#### [GIVEN RECORDS]
lemma real_interval_continuation:
  fixes P :: "real \<Rightarrow> bool" and a b :: real
  assumes "a \<le> b" "P a"
    and closed: "\<And>t. t \<in> {a<..b} \<Longrightarrow> \<forall>s\<in>{a..<t}. P s \<Longrightarrow> P t"
    and extend: "\<And>t. t \<in> {a..<b} \<Longrightarrow> \<forall>s\<in>{a..t}. P s \<Longrightarrow> \<exists>t'>t. \<forall>s\<in>{t<..<t'}. P s"
  shows "\<forall>s\<in>{a..b}. P s"
proof -
  define S where "S = {t\<in>{a..b}. \<forall>s\<in>{a..t}. P s}"
  define c where "c = Sup S"
  have aS: "a \<in> S" and bdd: "bdd_above S"
    using assms(1,2) by (auto simp: S_def intro: bdd_aboveI[where M = b])
  have "a \<le> c"
    unfolding c_def using aS bdd by (rule cSup_upper)
  have "c \<le> b"
    unfolding c_def using aS by (intro cSup_least) (auto simp: S_def)
  have below: "\<forall>s\<in>{a..<c}. P s"
  proof
    fix s assume "s \<in> {a..<c}"
    then obtain t where "t \<in> S" "s < t"
      using less_cSupD[of S s] aS by (auto simp: c_def)
    with \<open>s \<in> {a..<c}\<close> show "P s" by (auto simp: S_def)
  qed
  have "P c"
    using below assms(2) closed \<open>a \<le> c\<close> \<open>c \<le> b\<close> by (cases "c = a") auto
  with below \<open>a \<le> c\<close> \<open>c \<le> b\<close> have cS: "c \<in> S"
    by (auto simp: S_def)
  have "c = b"
  proof (rule ccontr)
    assume "c \<noteq> b"
    with \<open>a \<le> c\<close> \<open>c \<le> b\<close> cS obtain t' where "t' > c" and right: "\<forall>s\<in>{c<..<t'}. P s"
      using extend[of c] by (auto simp: S_def)
    define t1 where "t1 = min ((c + t') / 2) b"
    have "c < t1"
      using \<open>t' > c\<close> \<open>c \<le> b\<close> \<open>c \<noteq> b\<close> by (simp add: t1_def)
    have "t1 \<in> S"
      using cS right \<open>c < t1\<close> \<open>a \<le> c\<close> unfolding S_def t1_def
      by (auto simp: not_le)
    then show False
      using \<open>c < t1\<close> cSup_upper[OF _ bdd] by (fastforce simp: c_def)
  qed
  with cS show ?thesis by (simp add: S_def)
qed

lemma energy_inequality_extends_vanishing:
  fixes \<Omega> :: "'a::euclidean_space set"
    and w :: "real \<Rightarrow> 'a \<Rightarrow> real" and g :: "real \<Rightarrow> 'a \<Rightarrow> 'a"
    and T p \<sigma> c\<^sub>0 \<eta> m t\<^sub>0 :: real
  assumes "p > 0" "\<sigma> > 0" "c\<^sub>0 > 0" "\<eta> > 0" "m \<ge> p"
    and "in_LpW0 p T \<Omega> w g" and "in_CLq \<sigma> T \<Omega> w"
    and energy: "\<forall>t\<in>{0<..T}.
      (SUP s\<in>{0<..<t}. Lnorm \<sigma> \<Omega> (w s) powr \<sigma>) + LpW0norm p t \<Omega> g powr p
        \<le> c\<^sub>0 * (SUP s\<in>{0<..<t}. Lnorm \<sigma> \<Omega> (w s)) powr \<eta> * LpW0norm p t \<Omega> g powr m"
    and t\<^sub>0: "t\<^sub>0 \<in> {0..<T}" and vanish: "\<forall>s\<in>{0..t\<^sub>0}. Lnorm \<sigma> \<Omega> (w s) = 0"
  shows "\<exists>t>t\<^sub>0. \<forall>s\<in>{t\<^sub>0<..<t}. Lnorm \<sigma> \<Omega> (w s) = 0"
proof -
  define L where "L s = Lnorm \<sigma> \<Omega> (w s)" for s
  define K where "K = LpW0norm p T \<Omega> g powr (m - p)"
  \<comment> \<open>makes \<open>c\<^sub>0 * \<epsilon> powr \<eta> * K = K / (K + 1) < 1\<close>\<close>
  define \<epsilon> where "\<epsilon> = (1 / (c\<^sub>0 * (K + 1))) powr (1 / \<eta>)"
  have "K \<ge> 0"
    by (simp add: K_def)
  then have "\<epsilon> > 0" and small: "c\<^sub>0 * \<epsilon> powr \<eta> * K < 1"
    using assms(3,4) by (auto simp: \<epsilon>_def powr_powr)
  have "(L \<longlongrightarrow> 0) (at t\<^sub>0 within {0..T})"
    unfolding L_def using assms(2,7) t\<^sub>0 vanish by (intro in_CLq_tendsto_Lnorm_zero) auto
  then have "\<forall>\<^sub>F s in at t\<^sub>0 within {0..T}. L s < \<epsilon>"
    using \<open>\<epsilon> > 0\<close> by (rule order_tendstoD)
  then obtain \<delta> where "\<delta> > 0"
    and near: "\<And>s. s \<in> {0..T} \<Longrightarrow> s \<noteq> t\<^sub>0 \<Longrightarrow> dist s t\<^sub>0 < \<delta> \<Longrightarrow> L s < \<epsilon>"
    unfolding eventually_at by blast
  define t where "t = min (t\<^sub>0 + \<delta>) T"
  have t: "t\<^sub>0 < t" "t \<in> {0<..T}"
    using t\<^sub>0 \<open>\<delta> > 0\<close> by (auto simp: t_def)
  have "L s \<le> \<epsilon>" if "s \<in> {0<..<t}" for s
  proof (cases "s \<le> t\<^sub>0")
    case True
    then show ?thesis using that vanish \<open>\<epsilon> > 0\<close> by (simp add: L_def)
  next
    case False
    then show ?thesis using that t near[of s] by (auto simp: t_def dist_real_def)
  qed
  moreover have "LpW0norm p t \<Omega> g powr (m - p) \<le> K"
    unfolding K_def using assms(1,5,6) t
    by (intro powr_mono2 LpW0norm_mono LpW0norm_nonneg) auto
  ultimately have "\<forall>s\<in>{0<..<t}. L s = 0"
    using assms(2-4) small energy t(2) LpW0norm_nonneg
    by (intro small_sup_energy_inequality_vanishing[where c = c\<^sub>0 and \<epsilon> = \<epsilon>])
      (auto simp: L_def Lnorm_nonneg)
  then show ?thesis
    using t t\<^sub>0 by (auto simp: L_def)
qed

#### [WHAT YOU SHOULD DO]
In the listing above, show every line with the word "within".

#### [SOLUTION TO THIS PROBLEM]
  have "(L \<longlongrightarrow> 0) (at t\<^sub>0 within {0..T})"
  then have "\<forall>\<^sub>F s in at t\<^sub>0 within {0..T}. L s < \<epsilon>"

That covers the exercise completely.